Stored items:
== Segment start ==

lemma rayleigh_bound_homogeneous:
  fixes \<alpha> :: "nat \<Rightarrow> 'a::real_normed_vector"
  assumes unit_bound: "\<And>d. (\<Sum>i<n. (d i)\<^sup>2) = 1 \<Longrightarrow> \<mu> \<le> (norm (\<Sum>i<n. d i *\<^sub>R \<alpha> i))\<^sup>2"
  shows "\<mu> * (\<Sum>i<n. (c i)\<^sup>2) \<le> (norm (\<Sum>i<n. c i *\<^sub>R \<alpha> i))\<^sup>2"
proof (cases "(\<Sum>i<n. (c i)\<^sup>2) = 0")
  case False
  have "0 \<le> (\<Sum>i<n. (c i)\<^sup>2)" by (simp add: sum_nonneg)
  then have sum_pos: "0 < (\<Sum>i<n. (c i)\<^sup>2)" using False by simp
  define s where "s = sqrt (\<Sum>i<n. (c i)\<^sup>2)"
  have s_pos: "0 < s" and s2: "s\<^sup>2 = (\<Sum>i<n. (c i)\<^sup>2)"
    using sum_pos by (simp_all add: s_def)
  have "(\<Sum>i<n. (c i / s)\<^sup>2) = 1"
    using s2 sum_pos by (simp add: power_divide sum_divide_distrib[symmetric])
  then have "\<mu> \<le> (norm (\<Sum>i<n. (c i / s) *\<^sub>R \<alpha> i))\<^sup>2" by (rule unit_bound)
  also have "(\<Sum>i<n. (c i / s) *\<^sub>R \<alpha> i) = (1 / s) *\<^sub>R (\<Sum>i<n. c i *\<^sub>R \<alpha> i)"
    by (simp add: scaleR_sum_right)
  also have "(norm ((1 / s) *\<^sub>R (\<Sum>i<n. c i *\<^sub>R \<alpha> i)))\<^sup>2 = (norm (\<Sum>i<n. c i *\<^sub>R \<alpha> i))\<^sup>2 / s\<^sup>2"
    using s_pos by (simp add: power_divide)
  finally show ?thesis using s2 sum_pos by (simp add: pos_le_divide_eq)
qed simp

text \<open>The coefficient vectors are realised in the span of an orthonormal family of \<open>'a\<close>,
  where the unit sphere is compact; this is what \<open>n \<le> DIM('a)\<close> is needed for.\<close>

lemma rayleigh_minimizer_exists:
  fixes \<alpha> :: "nat \<Rightarrow> 'a::euclidean_space"
  assumes dim: "n \<le> DIM('a)" and "0 < n"
  obtains c where "(\<Sum>i<n. (c i)\<^sup>2) = 1"
    and "\<And>d. (norm (\<Sum>i<n. c i *\<^sub>R \<alpha> i))\<^sup>2 * (\<Sum>i<n. (d i)\<^sup>2) \<le> (norm (\<Sum>i<n. d i *\<^sub>R \<alpha> i))\<^sup>2"
proof -
  obtain b :: "nat \<Rightarrow> 'a" where b: "\<And>i j. i < n \<Longrightarrow> j < n \<Longrightarrow> b i \<bullet> b j = (if i = j then 1 else 0)"
    using obtain_orthonormal_family[OF dim] by blast
  define K where "K = cball (0::'a) 1 \<inter> {u. (\<Sum>i<n. (u \<bullet> b i)\<^sup>2) = 1}"
  define \<phi> where "\<phi> u = (norm (\<Sum>i<n. (u \<bullet> b i) *\<^sub>R \<alpha> i))\<^sup>2" for u
  have "closed {u::'a. (\<Sum>i<n. (u \<bullet> b i)\<^sup>2) = 1}"
    by (rule closed_Collect_eq) (auto intro!: continuous_intros)
  then have "compact K" unfolding K_def by (intro compact_Int_closed) auto
  moreover have "continuous_on K \<phi>" unfolding \<phi>_def by (auto intro!: continuous_intros)
  moreover have "b 0 \<in> K"
  proof -
    have "(\<Sum>i<n. (b 0 \<bullet> b i)\<^sup>2) = (\<Sum>i<n. if i = 0 then 1 else 0)"
      using \<open>0 < n\<close> by (intro sum.cong) (simp_all add: b)
    moreover have "norm (b 0) = 1"
      using b[of 0 0] \<open>0 < n\<close> by (simp add: norm_eq_sqrt_inner)
    ultimately show ?thesis using \<open>0 < n\<close> by (simp add: K_def)
  qed
  ultimately obtain u0 where u0: "u0 \<in> K" and min: "\<And>u. u \<in> K \<Longrightarrow> \<phi> u0 \<le> \<phi> u"
    using continuous_attains_inf[of K \<phi>] by blast
  define c where "c i = u0 \<bullet> b i" for i
  have "(norm (\<Sum>i<n. c i *\<^sub>R \<alpha> i))\<^sup>2 \<le> (norm (\<Sum>i<n. d i *\<^sub>R \<alpha> i))\<^sup>2"
    if d_unit: "(\<Sum>i<n. (d i)\<^sup>2) = 1" for d
  proof -
    define u where "u = (\<Sum>i<n. d i *\<^sub>R b i)"
    have u_b: "u \<bullet> b j = d j" if "j < n" for j
      using inner_sum_orthonormal[where b=b and n=n, OF b that] by (simp add: u_def)
    have "(norm u)\<^sup>2 = 1" using norm_sum_orthonormal[where b=b and n=n, OF b] d_unit by (simp add: u_def)
    then have "u \<in> K" using d_unit u_b by (auto simp: K_def power2_eq_1_iff)
    moreover have "(\<Sum>i<n. (u \<bullet> b i) *\<^sub>R \<alpha> i) = (\<Sum>i<n. d i *\<^sub>R \<alpha> i)"
      by (rule sum.cong) (simp_all add: u_b)
    ultimately show ?thesis using min by (fastforce simp: \<phi>_def c_def)
  qed
  moreover have "(\<Sum>i<n. (c i)\<^sup>2) = 1" using u0 by (simp add: K_def c_def)
  ultimately show ?thesis by (intro that rayleigh_bound_homogeneous) auto
qed

lemma gram_sum_eq_inner:
  fixes \<alpha> :: "nat \<Rightarrow> 'a::real_inner"
  shows "(\<Sum>j<n. (\<alpha> i \<bullet> \<alpha> j) * c j) = \<alpha> i \<bullet> (\<Sum>j<n. c j *\<^sub>R \<alpha> j)"
  by (simp add: inner_sum_right mult.commute)

lemma rayleigh_minimizer_is_gram_eigenvector:
  fixes \<alpha> :: "nat \<Rightarrow> 'a::real_inner"
  assumes c_unit: "(\<Sum>i<n. (c i)\<^sup>2) = 1"
    and \<mu>: "\<mu> = (norm (\<Sum>i<n. c i *\<^sub>R \<alpha> i))\<^sup>2"
    and min: "\<And>d. \<mu> * (\<Sum>i<n. (d i)\<^sup>2) \<le> (norm (\<Sum>i<n. d i *\<^sub>R \<alpha> i))\<^sup>2"
    and "i < n"
  shows "(\<Sum>j<n. (\<alpha> i \<bullet> \<alpha> j) * c j) = \<mu> * c i"
proof -
  define y where "y = (\<Sum>j<n. c j *\<^sub>R \<alpha> j)"
  define r where "r i = \<alpha> i \<bullet> y - \<mu> * c i" for i
  define Y where "Y = (\<Sum>j<n. r j *\<^sub>R \<alpha> j)"
  define P where "P = (\<Sum>i<n. (r i)\<^sup>2)"
  have "0 \<le> t * (2 * P) + t\<^sup>2 * ((norm Y)\<^sup>2 - \<mu> * P)" for t
  proof -
    have "(\<Sum>i<n. (c i + t * r i) *\<^sub>R \<alpha> i) = y + t *\<^sub>R Y"
      by (simp add: y_def Y_def scaleR_add_left sum.distrib scaleR_sum_right)
    moreover have "(norm (y + t *\<^sub>R Y))\<^sup>2 = (norm y)\<^sup>2 + 2 * t * (y \<bullet> Y) + t\<^sup>2 * (norm Y)\<^sup>2"
      unfolding power2_norm_eq_inner
      by (simp add: inner_add_left inner_add_right inner_commute[of Y y] power2_eq_square algebra_simps)
    ultimately have "(norm (\<Sum>i<n. (c i + t * r i) *\<^sub>R \<alpha> i))\<^sup>2 = \<mu> + 2 * t * (y \<bullet> Y) + t\<^sup>2 * (norm Y)\<^sup>2"
      by (simp add: \<mu> y_def)
    moreover have "(\<Sum>i<n. (c i + t * r i)\<^sup>2) = 1 + 2 * t * (\<Sum>i<n. c i * r i) + t\<^sup>2 * P"
      using c_unit by (simp add: P_def power2_sum sum.distrib sum_distrib_left power_mult_distrib algebra_simps)
    moreover have "y \<bullet> Y - \<mu> * (\<Sum>i<n. c i * r i) = P"
      by (simp add: Y_def P_def r_def inner_sum_right inner_commute sum_distrib_left
          sum_subtractf[symmetric] power2_eq_square algebra_simps)
    ultimately show ?thesis
      using min[of "\<lambda>i. c i + t * r i"] by (simp add: algebra_simps)
  qed
  then have "2 * P = 0" by (rule quadratic_nonneg_imp_linear_coeff_zero)
  then have "r i = 0"
    using \<open>i < n\<close> by (simp add: P_def sum_nonneg_eq_0_iff)
  then show ?thesis by (simp add: r_def y_def gram_sum_eq_inner)
qed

== Segment end ==

• THE TASK: Where a line of the entries contains the word "False", copy that line.

• RESPONSE TO THIS EXERCISE:
  case False
  then have sum_pos: "0 < (\<Sum>i<n. (c i)\<^sup>2)" using False by simp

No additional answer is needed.